2: Of Lurking Dangers

*Content warning: reference to undead, blood, small dagger cut.

Ahndras Frost grinned in the face of danger.

Specifically, the danger staring him down with cool silver eyes. He needed to strengthen himself now more than ever, and Etal-Lia was pleased to help. Etal-Lia, or Talli to her closest friends, was deadly even for a Xereth Hunter and offered just the challenge he needed to prepare for the trials ahead.

“Are we going to dance, Frost?” Talli teased, flashing a hint of fang.

“Thank you for the invitation,” Ahn bowed in exaggerated respect, gold hair slipping from behind his ears. He knew he’d come out of this worse for the wear, but that did not matter. Every hit he took, every time Talli kicked him to the dirt, was less time he had to spend worrying, packing, dreading the inevitable. Ahn didn’t want to think about setting out toward the malfunctioning Nightstar leytemple to meet his fate.

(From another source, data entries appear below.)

(* Let $n$ be an even positive integer, let $V_0=\{v\in\{-1,1\}^n : v_1=1,\ \sum_i v_i=0\}$, let $L\subset\mathbb{Z}^n$ be the lattice generated by $V_0$, let $P(V_0)=\{\sum_{v\in W}v : W\subseteq V_0\}$, and let $g(V_0)=\frac12\sum_{v\in V_0}v$. Let $R$ be a positive integer such that $\binom{n-2}{(n-2)/2}>4R(n-1)$. Then every $u\in L$ with $\|u-g(V_0)\|_\infty\le R-\frac n2$ satisfies $u\in P(V_0)$. *)

theory Defs
  imports Complex_Main
begin

text \<open>Vectors in Z^n are modelled as functions nat => int, coordinate i (0-based,
  i < n) corresponds to coordinate i+1 of the paper; coordinates >= n are 0.\<close>

definition V0 :: "nat \<Rightarrow> (nat \<Rightarrow> int) set" where
  "V0 n = {v. (\<forall>i<n. v i \<in> {-1, 1}) \<and> (\<forall>i\<ge>n. v i = 0) \<and> v 0 = 1
              \<and> (\<Sum>i<n. v i) = 0}"

definition lattice_V0 :: "nat \<Rightarrow> (nat \<Rightarrow> int) set" where
  "lattice_V0 n = {(\<lambda>i. \<Sum>v\<in>V0 n. c v * v i) | c :: (nat \<Rightarrow> int) \<Rightarrow> int. True}"

definition P_V0 :: "nat \<Rightarrow> (nat \<Rightarrow> int) set" where
  "P_V0 n = {(\<lambda>i. \<Sum>v\<in>W. v i) | W. W \<subseteq> V0 n}"

definition g_V0 :: "nat \<Rightarrow> nat \<Rightarrow> real" where
  "g_V0 n i = (1/2) * (\<Sum>v\<in>V0 n. real_of_int (v i))"

end

theory Submission
  imports Defs "HOL-Combinatorics.Transposition"
begin

text \<open>
  A lattice vector \<open>u\<close> has coordinate sum zero, and all its coordinates have the parity of
  \<open>u 0\<close>, because \<open>v i + v 0\<close> is even for every \<open>v \<in> V0 n\<close>. Write \<open>n = 2m + 6\<close> and fix a
  coordinate \<open>x \<ge> 1\<close> at which \<open>u\<close> is maximal. All \<open>v\<close> with \<open>v x = 1\<close>, together with a part of
  the remaining vectors that is closed under flipping the signs off the coordinates \<open>0\<close> and
  \<open>x\<close>, form a set \<open>W \<subseteq> V0 n\<close> with \<open>card W = u 0\<close> whose coordinate sums lie below \<open>u\<close> except
  at \<open>x\<close>. This uses that \<open>g(V0)\<close> has coordinates \<open>(D - A)/2\<close> off \<open>0\<close>, with
  \<open>A = C(2m+3, m+1)\<close> and \<open>D = C(2m+3, m)\<close>, and that the binomial hypothesis makes
  \<open>A - D = C(2m+4, m+2)/(m+3)\<close> exceed the width of the box.

  As long as the sum over \<open>W\<close> exceeds \<open>u\<close> at \<open>x\<close>, some coordinate \<open>j\<close> has a deficit, and
  swapping the coordinates \<open>x\<close> and \<open>j\<close> of a suitable member of \<open>W\<close> lowers the excess by
  \<open>2\<close> while keeping the other sums below \<open>u\<close>. When no excess is left, the zero coordinate
  sums force the sum over \<open>W\<close> to equal \<open>u\<close>.
\<close>

definition sign_vector :: "nat \<Rightarrow> nat set \<Rightarrow> nat \<Rightarrow> int" where
  "sign_vector n S k = (if k = 0 then 1 else if k < n then (if k \<in> S then 1 else -1) else 0)"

Fate, new Guardian—really, same difference, he thought as he readied himself.

Talli pounced with the fierce grace of a duskcat. Ahn held position until the last moment and then twisted with a grunt, boots sliding over the ground. Talli’s strike slashed through the air next to him, a light breeze whispering over Ahn’s cheek.

The Xereth woman circled around Ahn again, her eyes narrowed, footfalls silent. “You didn’t fall on your hindquarters this time. Good,” Talli said, a purr of satisfaction in the words as she slipped into a defensive posture. Ahn relaxed just in time for her to strike, this time her left leg sweeping out in a low kick. He grunted with the impact but didn’t fall. “Now come do this properly.”

“Properly?” Ahn echoed, catching his breath.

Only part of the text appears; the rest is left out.